__What is expected__. Take the line that contains "list \<Rightarrow> nat" and every line after it in the material below, and quote them exactly.

** Opening Source records block **

(* Let $(\beta_k)_{k\in\mathbb{N}}$ be a sequence of real numbers. The multi-indexed sequence $$\bar F_{n_1,\ldots,n_d}=\prod_{k=1}^d\beta_k^{n_{(d-k+1)}-n_{(d-k)}},\qquad n_1,\ldots,n_d\in\mathbb{N}_0,$$ is a $d$-dimensional discrete survival function for every $d\ge2$ if and only if $(1,\beta_1,\beta_2,\ldots)\in\mathcal{M}_\infty$. In that case it defines, for each $d$, an infinitely extendible exchangeable wide-sense geometric law.
   Context: $\mathbb{N}_0=\{0,1,\ldots\}$; $n_{(0)}:=0\le n_{(1)}\le\cdots\le n_{(d)}$ is the ordered list of $n_1,\ldots,n_d$; $0^0:=1$. A discrete survival function is $\mathbb{P}(\tau_1>n_1,\ldots,\tau_d>n_d)$ for some $\mathbb{N}^d$-valued random vector. $\nabla^jx_k:=\sum_{i=0}^j(-1)^i\binom{j}{i}x_{k+i}$; $\mathcal{M}_\infty:=\{(x_k)_{k\in\mathbb{N}_0}: x_0=1,\ x_1<1,\ \nabla^jx_k\ge0\ \forall j,k\in\mathbb{N}_0\}$. Wide-sense geometric law: for $\tilde p_I\in[0,1]$, $I\subseteq\{1,\ldots,d\}$, $\sum_I\tilde p_I=1$, $\sum_{I\not\ni k}\tilde p_I<1$, run i.i.d. trials with outcome $I$ of probability $\tilde p_I$, $\tilde E_I$ the first trial with outcome $I$, $\tau_k=\min\{\tilde E_I:k\in I\}$. Infinitely extendible: there exists an infinite exchangeable sequence $(\tau_k)_{k\in\mathbb{N}}$ such that $(\tau_1,\ldots,\tau_m)$ is exchangeable wide-sense geometric for every $m$ and $(\tau_1,\ldots,\tau_d)$ has the given law. *)

theory Defs
  imports "HOL-Probability.Probability"
begin

definition ordstat :: "nat list \<Rightarrow> nat \<Rightarrow> nat" where
  "ordstat n k = (0 # sort n) ! k"

definition Fbar :: "(nat \<Rightarrow> real) \<Rightarrow> nat \<Rightarrow> nat list \<Rightarrow> real" where
  "Fbar \<beta> d n = (\<Prod>k=1..d. \<beta> k ^ (ordstat n (d - k + 1) - ordstat n (d - k)))"

definition nabla :: "(nat \<Rightarrow> real) \<Rightarrow> nat \<Rightarrow> nat \<Rightarrow> real" where
  "nabla x j k = (\<Sum>i=0..j. (-1) ^ i * of_nat (j choose i) * x (k + i))"

definition M_infty :: "(nat \<Rightarrow> real) set" where
  "M_infty = {x. x 0 = 1 \<and> x 1 < 1 \<and> (\<forall>j k. nabla x j k \<ge> 0)}"

text \<open>Laws of N^d-valued random vectors (N = positive integers), as pmfs on lists of length d.\<close>
definition is_law_on :: "nat \<Rightarrow> nat list pmf \<Rightarrow> bool" where
  "is_law_on d p \<longleftrightarrow> set_pmf p \<subseteq> {t. length t = d \<and> (\<forall>i<d. 0 < t ! i)}"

** Closing Source records block **

__Exercise solution__.
definition ordstat :: "nat list \<Rightarrow> nat \<Rightarrow> nat" where
  "ordstat n k = (0 # sort n) ! k"

definition Fbar :: "(nat \<Rightarrow> real) \<Rightarrow> nat \<Rightarrow> nat list \<Rightarrow> real" where
  "Fbar \<beta> d n = (\<Prod>k=1..d. \<beta> k ^ (ordstat n (d - k + 1) - ordstat n (d - k)))"

definition nabla :: "(nat \<Rightarrow> real) \<Rightarrow> nat \<Rightarrow> nat \<Rightarrow> real" where
  "nabla x j k = (\<Sum>i=0..j. (-1) ^ i * of_nat (j choose i) * x (k + i))"

definition M_infty :: "(nat \<Rightarrow> real) set" where
  "M_infty = {x. x 0 = 1 \<and> x 1 < 1 \<and> (\<forall>j k. nabla x j k \<ge> 0)}"

text \<open>Laws of N^d-valued random vectors (N = positive integers), as pmfs on lists of length d.\<close>
definition is_law_on :: "nat \<Rightarrow> nat list pmf \<Rightarrow> bool" where
  "is_law_on d p \<longleftrightarrow> set_pmf p \<subseteq> {t. length t = d \<and> (\<forall>i<d. 0 < t ! i)}"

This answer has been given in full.